* _EXTRACTED ENTRIES_:
(* Let $\sigma:[0,\infty)\to[0,\infty)$ be nondecreasing with $\lim_{t\to\infty}\sigma(t)=\infty$. If $\gamma(\sigma)>1$, then $\gamma(\sigma)=\gamma((\sigma^{\star})^{\iota})+1$.
   Context: Upper Legendre conjugate: $\sigma^{\star}(s):=\sup_{t\ge0}\{\sigma(t)-st\}$ for $s>0$; $(\sigma^{\star})^{\iota}(t):=\sigma^{\star}(1/t)$ for $t>0$. For a nondecreasing function $\sigma$ tending to $\infty$ and $\gamma>0$, $(P_{\sigma,\gamma})$ holds if there is $K>1$ with $\limsup_{t\to\infty}\sigma(K^{\gamma}t)/\sigma(t)<K$; $\gamma(\sigma):=\sup\{\gamma>0:(P_{\sigma,\gamma})\text{ holds}\}$, and $:=0$ if none holds. *)

theory Defs
  imports "HOL-Analysis.Analysis" "HOL-Library.Liminf_Limsup"
begin

definition sigma_star :: "(real \<Rightarrow> real) \<Rightarrow> real \<Rightarrow> real" where
  "sigma_star \<sigma> s = (SUP t\<in>{0..}. \<sigma> t - s * t)"

definition sigma_star_iota :: "(real \<Rightarrow> real) \<Rightarrow> real \<Rightarrow> real" where
  "sigma_star_iota \<sigma> t = sigma_star \<sigma> (1 / t)"

definition P_prop :: "(real \<Rightarrow> real) \<Rightarrow> real \<Rightarrow> bool" where
  "P_prop \<sigma> \<gamma> \<longleftrightarrow>
     (\<exists>K>1. Limsup at_top (\<lambda>t. ereal (\<sigma> (K powr \<gamma> * t) / \<sigma> t)) < ereal K)"

definition gamma_idx :: "(real \<Rightarrow> real) \<Rightarrow> ereal" where
  "gamma_idx \<sigma> = (if \<exists>\<gamma>>0. P_prop \<sigma> \<gamma>
                    then Sup (ereal ` {\<gamma>. \<gamma> > 0 \<and> P_prop \<sigma> \<gamma>}) else 0)"

end

theory Submission
  imports Defs
begin

text \<open>
  Property (P_{\<sigma>,\<gamma>}) holds exactly when \<sigma> eventually satisfies a power bound
  \<sigma>(l t) \<le> C l^a \<sigma>(t) for all l \<ge> 1 with some exponent a < 1/\<gamma>: one direction
  iterates the limsup estimate along the powers of K^\<gamma>, the other picks K with
  C K^(a\<gamma>) < K. Such power bounds pass through the conjugate: an exponent a < 1 for \<sigma>
  gives the exponent a/(1-a) for (\<sigma>*)^\<iota>, and an exponent b for (\<sigma>*)^\<iota> gives b/(1+b) for \<sigma>,
  both by comparing the terms of the Young-type inequality \<sigma>(u) \<le> (\<sigma>*)^\<iota>(t) + u/t at
  suitably dilated arguments. As a(\<gamma>+1) < 1 iff (a/(1-a))\<gamma> < 1, the properties (P_{\<sigma>,\<gamma>+1})
  and (P_{(\<sigma>*)^\<iota>,\<gamma>}) are equivalent, so the two index sets differ by a shift of 1. The
  hypothesis \<gamma>(\<sigma>) > 1 provides an exponent a < 1, which is what makes \<sigma>* finite.
\<close>

definition power_growth_bound :: "(real \<Rightarrow> real) \<Rightarrow> real \<Rightarrow> bool" where
  "power_growth_bound f a \<longleftrightarrow>
     (\<exists>C\<ge>1. \<exists>T>0. \<forall>t\<ge>T. f t > 0 \<and> (\<forall>l\<ge>1. f (l * t) \<le> C * l powr a * f t))"

lemma P_prop_if_power_growth_bound:
  assumes bound: "power_growth_bound f a" and a: "a \<ge> 0" and g: "g > 0" and ag: "a * g < 1"
  shows "P_prop f g"
proof -
  obtain C T where C: "C \<ge> 1"
    and H: "\<forall>t\<ge>T. f t > 0 \<and> (\<forall>l\<ge>1. f (l * t) \<le> C * l powr a * f t)"
    using bound unfolding power_growth_bound_def by blast
  define K where "K = (2 * C) powr (1 / (1 - a * g))"
  have K1: "K > 1" unfolding K_def using C ag by (simp add: gr_one_powr)
  have "C * K powr (a * g) < 2 * C * K powr (a * g)" using C K1 by simp
  also have "\<dots> = K powr (1 - a * g) * K powr (a * g)" unfolding K_def using C ag
    by (simp add: powr_powr)
  also have "\<dots> = K" using K1 by (simp add: powr_add[symmetric])
  finally have CK: "C * K powr (a * g) < K" .
  have Kg1: "K powr g \<ge> 1" using K1 g by (simp add: ge_one_powr_ge_zero)
  have "eventually (\<lambda>t. ereal (f (K powr g * t) / f t) \<le> ereal (C * K powr (a * g))) at_top"
    unfolding eventually_at_top_linorder
  proof (intro exI allI impI)
    fix t assume t: "t \<ge> T"
    have "f (K powr g * t) \<le> C * (K powr g) powr a * f t" using H t Kg1 by blast
    also have "(K powr g) powr a = K powr (a * g)" by (simp add: powr_powr mult.commute)
    finally show "ereal (f (K powr g * t) / f t) \<le> ereal (C * K powr (a * g))"
      using H t by (simp add: divide_le_eq)
  qed
  then have "Limsup at_top (\<lambda>t. ereal (f (K powr g * t) / f t)) \<le> ereal (C * K powr (a * g))"
    by (rule Limsup_bounded)
  also have "\<dots> < ereal K" using CK by simp
  finally show ?thesis unfolding P_prop_def using K1 by blast
qed

lemma power_growth_bound_if_dilation_step:
  fixes f :: "real \<Rightarrow> real"
  assumes mono: "mono_on {T..} f" and pos: "\<And>t. t \<ge> T \<Longrightarrow> f t > 0" and T: "T > 0"
    and D: "D > 1" and L: "L \<ge> 1" and step: "\<And>t. t \<ge> T \<Longrightarrow> f (D * t) \<le> L * f t"
  shows "power_growth_bound f (log D L)"
proof -
  have iterate: "f (D ^ n * t) \<le> L ^ n * f t" if "t \<ge> T" for n t
    using that
  proof (induction n arbitrary: t)
    case 0
    then show ?case by simp
  next
    case (Suc n)
    have "t \<le> D * t" using Suc.prems T D by simp
    then have "T \<le> D * t" using Suc.prems by linarith
    then have "f (D ^ n * (D * t)) \<le> L ^ n * f (D * t)" by (rule Suc.IH)
    then have "f (D ^ Suc n * t) \<le> L ^ n * f (D * t)" by (simp add: mult_ac)
    also have "\<dots> \<le> L ^ n * (L * f t)" using step[OF Suc.prems] L by simp
    finally show ?case by (simp add: mult_ac)
  qed
  have "f (l * t) \<le> L * l powr (log D L) * f t" if t: "t \<ge> T" and l: "l \<ge> 1" for t l
  proof -
    define n where "n = nat \<lfloor>log D l\<rfloor>"
    have "\<lfloor>log D l\<rfloor> = int n" unfolding n_def using l D by simp
    then have "D powr real n \<le> l \<and> l < D powr real (n + 1)" using l D
      by (simp add: floor_log_eq_powr_iff add.commute)
    then have Dn: "D ^ n \<le> l" "l < D ^ (n + 1)" using D
      unfolding powr_realpow[OF order.strict_trans[OF zero_less_one D]] by auto
    have "t \<le> l * t" using l t T by simp
    moreover have "l * t \<le> D ^ (n + 1) * t" using Dn t T by (simp add: mult_right_mono)
    ultimately have "f (l * t) \<le> f (D ^ (n + 1) * t)"
      using t by (intro mono_onD[OF mono]) auto
    also have "\<dots> \<le> L ^ (n + 1) * f t" using iterate t by blast
    also have "\<dots> = L * L ^ n * f t" by simp
    also have "L ^ n \<le> l powr (log D L)"
    proof -
      have "L ^ n = (D powr log D L) powr real n" using D L by (simp add: powr_realpow)
      also have "\<dots> = (D ^ n) powr (log D L)" using D by (simp add: powr_powr_swap powr_realpow)
      also have "\<dots> \<le> l powr (log D L)" using Dn D L by (simp add: powr_mono2)
      finally show ?thesis .
    qed
    finally show ?thesis using pos[OF t] L by (simp add: mult_right_mono)
  qed
  then show ?thesis unfolding power_growth_bound_def using L T pos by blast
qed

* _AIM OF THE EXERCISE_: Copy out, from the listing above, every line that contains the string "imports".

* _ANSWER SPACE_:
  imports "HOL-Analysis.Analysis" "HOL-Library.Liminf_Limsup"
  imports Defs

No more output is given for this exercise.